Your goal: The answer must be exactly the lines from the one containing "P \<longleftrightarrow> h" through the end of the material, with both ends kept and no other lines.

Dataset records:
========
lemma newton_eq_of_dominating_subset:
  fixes S0 S :: "(('n::finite \<Rightarrow> nat) \<times> ('n \<Rightarrow> nat) \<times> nat) set"
  assumes "S0 \<subseteq> S"
    and dom: "\<forall>x\<in>S. \<exists>y\<in>S0. snd y = snd x \<and> (\<forall>i. fst y i \<le> fst x i)"
  shows "newton S = newton S0"
proof -
  let ?B = "\<lambda>S. {(\<lambda>i. int (\<alpha> i) + a i, \<lambda>i. int (\<beta> i) + b i, int k + m) | \<alpha> \<beta> k a b m.
        (\<alpha>, \<beta>, k) \<in> S \<and> (a, b, m) \<in> (newton_cone :: (('n \<Rightarrow> int) \<times> ('n \<Rightarrow> int) \<times> int) set)}"
  have "?B S \<subseteq> ?B S0"
  proof
    fix p assume "p \<in> ?B S"
    then obtain \<alpha> \<beta> k a b m where p: "p = (\<lambda>i. int (\<alpha> i) + a i, \<lambda>i. int (\<beta> i) + b i, int k + m)"
      and "(\<alpha>, \<beta>, k) \<in> S" and cone: "(a, b, m) \<in> newton_cone" by blast
    then obtain \<alpha>0 where \<alpha>0: "(\<alpha>0, \<beta>, k) \<in> S0" "\<And>i. \<alpha>0 i \<le> \<alpha> i"
      using dom by fastforce
    define a' where "a' = (\<lambda>i. int (\<alpha> i) - int (\<alpha>0 i) + a i)"
    have "(a', b, m) \<in> newton_cone"
      unfolding a'_def using newton_cone_shift_fst_nonneg[OF cone] \<alpha>0(2) by simp
    moreover have "p = (\<lambda>i. int (\<alpha>0 i) + a' i, \<lambda>i. int (\<beta> i) + b i, int k + m)"
      unfolding p a'_def by auto
    ultimately show "p \<in> ?B S0" using \<alpha>0(1) by blast
  qed
  moreover have "?B S0 \<subseteq> ?B S" using assms(1) by blast
  ultimately show ?thesis unfolding newton_def by (simp add: subset_antisym)
qed

theorem mainTheorem6:
  fixes Q :: "'c::idom set" and h :: 'c
    and g :: "('n::finite \<Rightarrow> nat) \<Rightarrow> ('n \<Rightarrow> nat) \<Rightarrow> nat \<Rightarrow> 'c fract"
  assumes hypC: "\<And>P (m::int). prime_ideal P \<Longrightarrow> m \<noteq> 0 \<Longrightarrow> (of_int m :: 'c) \<notin> P"
    and Q: "prime_ideal Q"
    and h: "h \<notin> Q"
    and g: "dhat_elem (loc_elem h) g"
  shows "\<exists>H. H \<notin> Q \<and>
           (\<forall>P. prime_ideal P \<and> Q \<subseteq> P \<and> H \<notin> P \<longrightarrow>
              red_defined P g \<and> newton (supp_red P g) = newton (supp_red Q g))"
proof -
  obtain A E where g_eq: "\<And>\<alpha> \<beta> k. g \<alpha> \<beta> k = Fract (A \<alpha> \<beta> k) (h ^ E \<alpha> \<beta> k)"
    using dhat_elem_loc_elem_obtain_Fract[OF g] by blast
  let ?supp = "\<lambda>P. {(\<alpha>, \<beta>, k). A \<alpha> \<beta> k \<notin> P}"
  have red: "red_defined P g" "supp_red P g = ?supp P" if P: "prime_ideal P" "h \<notin> P" for P
  proof -
    have "\<And>\<alpha> \<beta> k. h ^ E \<alpha> \<beta> k \<notin> P" by (rule prime_ideal_power_notin[OF P])
    from red_defined_Fract[OF P(1) this g_eq] supp_red_Fract[OF P(1) this g_eq]
    show "red_defined P g" "supp_red P g = ?supp P" .
  qed
  obtain S0 where S0: "S0 \<subseteq> ?supp Q" "finite S0"
    "\<forall>x\<in>?supp Q. \<exists>y\<in>S0. snd y = snd x \<and> (\<forall>i. fst y i \<le> fst x i)"
    using dickson_finite_basis[OF finite_class.finite_UNIV finite_snd_supp_red[OF Q g], of fst]
    unfolding red(2)[OF Q h] ball_UNIV by blast
  define H where "H = h * (\<Prod>(\<alpha>, \<beta>, k)\<in>S0. A \<alpha> \<beta> k)"
  have H_notin_iff: "H \<notin> P \<longleftrightarrow> h \<notin> P \<and> S0 \<subseteq> ?supp P" if "prime_ideal P" for P
    unfolding H_def prime_ideal_mult_notin_iff[OF that] prime_ideal_prod_notin_iff[OF that S0(2)]
    by (auto simp: subset_iff)
  have "red_defined P g \<and> newton (supp_red P g) = newton (supp_red Q g)"
    if P: "prime_ideal P" "Q \<subseteq> P" "H \<notin> P" for P
  proof -
    have "h \<notin> P" "S0 \<subseteq> ?supp P" using H_notin_iff P by auto
    moreover have "?supp P \<subseteq> ?supp Q" using P(2) by auto
    ultimately have "newton (?supp P) = newton S0" "newton (?supp Q) = newton S0"
      using newton_eq_of_dominating_subset S0 by (meson subsetD)+
    then show ?thesis using red[OF P(1) \<open>h \<notin> P\<close>] red[OF Q h] by simp
  qed
  moreover have "H \<notin> Q" using H_notin_iff[OF Q] h S0(1) by blast
  ultimately show ?thesis by blast
qed

end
========
Solution:
  have H_notin_iff: "H \<notin> P \<longleftrightarrow> h \<notin> P \<and> S0 \<subseteq> ?supp P" if "prime_ideal P" for P
    unfolding H_def prime_ideal_mult_notin_iff[OF that] prime_ideal_prod_notin_iff[OF that S0(2)]
    by (auto simp: subset_iff)
  have "red_defined P g \<and> newton (supp_red P g) = newton (supp_red Q g)"
    if P: "prime_ideal P" "Q \<subseteq> P" "H \<notin> P" for P
  proof -
    have "h \<notin> P" "S0 \<subseteq> ?supp P" using H_notin_iff P by auto
    moreover have "?supp P \<subseteq> ?supp Q" using P(2) by auto
    ultimately have "newton (?supp P) = newton S0" "newton (?supp Q) = newton S0"
      using newton_eq_of_dominating_subset S0 by (meson subsetD)+
    then show ?thesis using red[OF P(1) \<open>h \<notin> P\<close>] red[OF Q h] by simp
  qed
  moreover have "H \<notin> Q" using H_notin_iff[OF Q] h S0(1) by blast
  ultimately show ?thesis by blast
qed

end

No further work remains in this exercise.